Epigenetic clocks provide a powerful tool for estimating age in species by examining DNA methylation markers. This study introduces a novel method in comparative epigenetics to identify such markers, utilizing what we define as shared methylation regions (SMRs). Based on SMRs, we developed the first multispecies piscine epigenetic clock. This clock predicted chronological age across four teleost species with notable accuracy and precision (R = 0.8608, mean absolute error (MAE) = 0.9954 years). The species included (samples = 371, age range = 0-11.4 years) cover three taxonomic orders. Notably, these detected conserved methylation regions may serve as putative candidates for ageing research. Further, we tested the model’s potential application for chronological age estimation with a leave-one-species-out analysis and, despite lower performance, the model was capable of roughly estimating age in unseen species.

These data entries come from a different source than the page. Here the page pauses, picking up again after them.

lemma query_state_update:
  assumes "z \<in> bits n" and "n + i < length y"
  shows "query_state n A Orc i ((z @ drop n y)[n + i := b])
    = A z (replicate n False) * prod_list (map (oracle_amp Orc z) (take i (drop n y)))
        * of_bool (\<not> b \<and> True \<notin> set (drop (Suc (n + i)) y))"
proof -
  have "drop (n + i) y = y ! (n + i) # drop (Suc (n + i)) y"
    using assms(2) by (rule Cons_nth_drop_Suc[symmetric])
  then have "drop (n + i) ((z @ drop n y)[n + i := b]) = b # drop (Suc (n + i)) y"
    using assms by (simp add: bits_def list_update_append drop_update_swap add.commute)
  then show ?thesis
    using assms by (simp add: query_state_def bits_def list_update_append)
qed

lemma apply_oracle_query_state:
  assumes bounded: "bounded_error_oracle n f p Orc" and y: "n + i < length y"
  shows "apply_on ([0..<n] @ [n + i]) Orc (query_state n A Orc i) y = query_state n A Orc (Suc i) y"
proof -
  define x where "x = take n y"
  have x: "x \<in> bits n" using y by (simp add: x_def bits_def)
  have off_diagonal: "Orc (x @ [c]) (z @ [False]) = 0" if "z \<in> bits n" "z \<noteq> x" for z c
    using bounded that x by (simp add: bounded_error_oracle_def)
  \<comment> \<open>inputs with answer qubit 1 drop out, since qubit n + i of the state is still 0\<close>
  have "apply_on ([0..<n] @ [n + i]) Orc (query_state n A Orc i) y
      = (\<Sum>z\<in>bits n. Orc (x @ [y ! (n + i)]) (z @ [False])
           * (A z (replicate n False) * prod_list (map (oracle_amp Orc z) (take i (drop n y)))
              * of_bool (True \<notin> set (drop (Suc (n + i)) y))))"
    using y by (simp add: apply_on_upt_snoc query_state_update UNIV_bool x_def cong: sum.cong)
  also have "\<dots> = oracle_amp Orc x (y ! (n + i))
      * (A x (replicate n False) * prod_list (map (oracle_amp Orc x) (take i (drop n y)))
         * of_bool (True \<notin> set (drop (Suc (n + i)) y)))"
    using x off_diagonal by (subst sum_eq_single[of _ x]) (auto simp: oracle_amp_def)
  also have "\<dots> = query_state n A Orc (Suc i) y"
    using y by (simp add: query_state_def x_def take_Suc_conv_app_nth)
  finally show ?thesis .
qed

lemma maj_gate_snoc:
  "length v = k \<Longrightarrow> length w = k \<Longrightarrow>
    maj_gate k (w @ [c]) (v @ [b]) = of_bool (v = w \<and> c = (b \<noteq> majority k v))"
  by (auto simp: maj_gate_def nth_append)

lemma apply_maj_gate_query_state:
  assumes "x \<in> bits n" "w \<in> bits k"
  shows "apply_on [n..<n + k + 1] (maj_gate k) (query_state n A Orc k) (x @ w @ [c])
    = A x (replicate n False) * prod_list (map (oracle_amp Orc x) w) * of_bool (majority k w = c)"
proof -
  have len: "length x = n" "length w = k"
    using assms by (simp_all add: bits_def)
  have "apply_on [n..<n + k + 1] (maj_gate k) (query_state n A Orc k) (x @ w @ [c])
      = (\<Sum>z\<in>bits (Suc k). maj_gate k (w @ [c]) z * query_state n A Orc k (x @ z))"
    using apply_on_upt[of n "Suc k" "x @ w @ [c]"] len by (simp del: upt_Suc)
  also have "\<dots> = (\<Sum>v\<in>bits k. \<Sum>b\<in>UNIV. maj_gate k (w @ [c]) (v @ [b]) * query_state n A Orc k (x @ v @ [b]))"
    by (simp add: sum_bits_Suc)
  also have "\<dots> = (\<Sum>v\<in>bits k. if v = w then A x (replicate n False) * prod_list (map (oracle_amp Orc x) w)
      * of_bool (majority k w = c) else 0)"
    using assms by (intro sum.cong) (auto simp: maj_gate_snoc query_state_def bits_def UNIV_bool)
  also have "\<dots> = A x (replicate n False) * prod_list (map (oracle_amp Orc x) w) * of_bool (majority k w = c)"
    using assms by simp
  finally show ?thesis .
qed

Additionally, a separate clock was created which predicted relative age (relative to the maximum lifespan) for the same samples (R = 0.7578, MAE = 0.0367), suggesting a shared methylation pattern for biological ageing mechanisms across species. Both models are useful applied tools for fisheries management and conservation efforts. Furthermore, SMRs provide new means for comparative studies in epigenetics and enhance our understanding of conserved age-associated methylation patterns.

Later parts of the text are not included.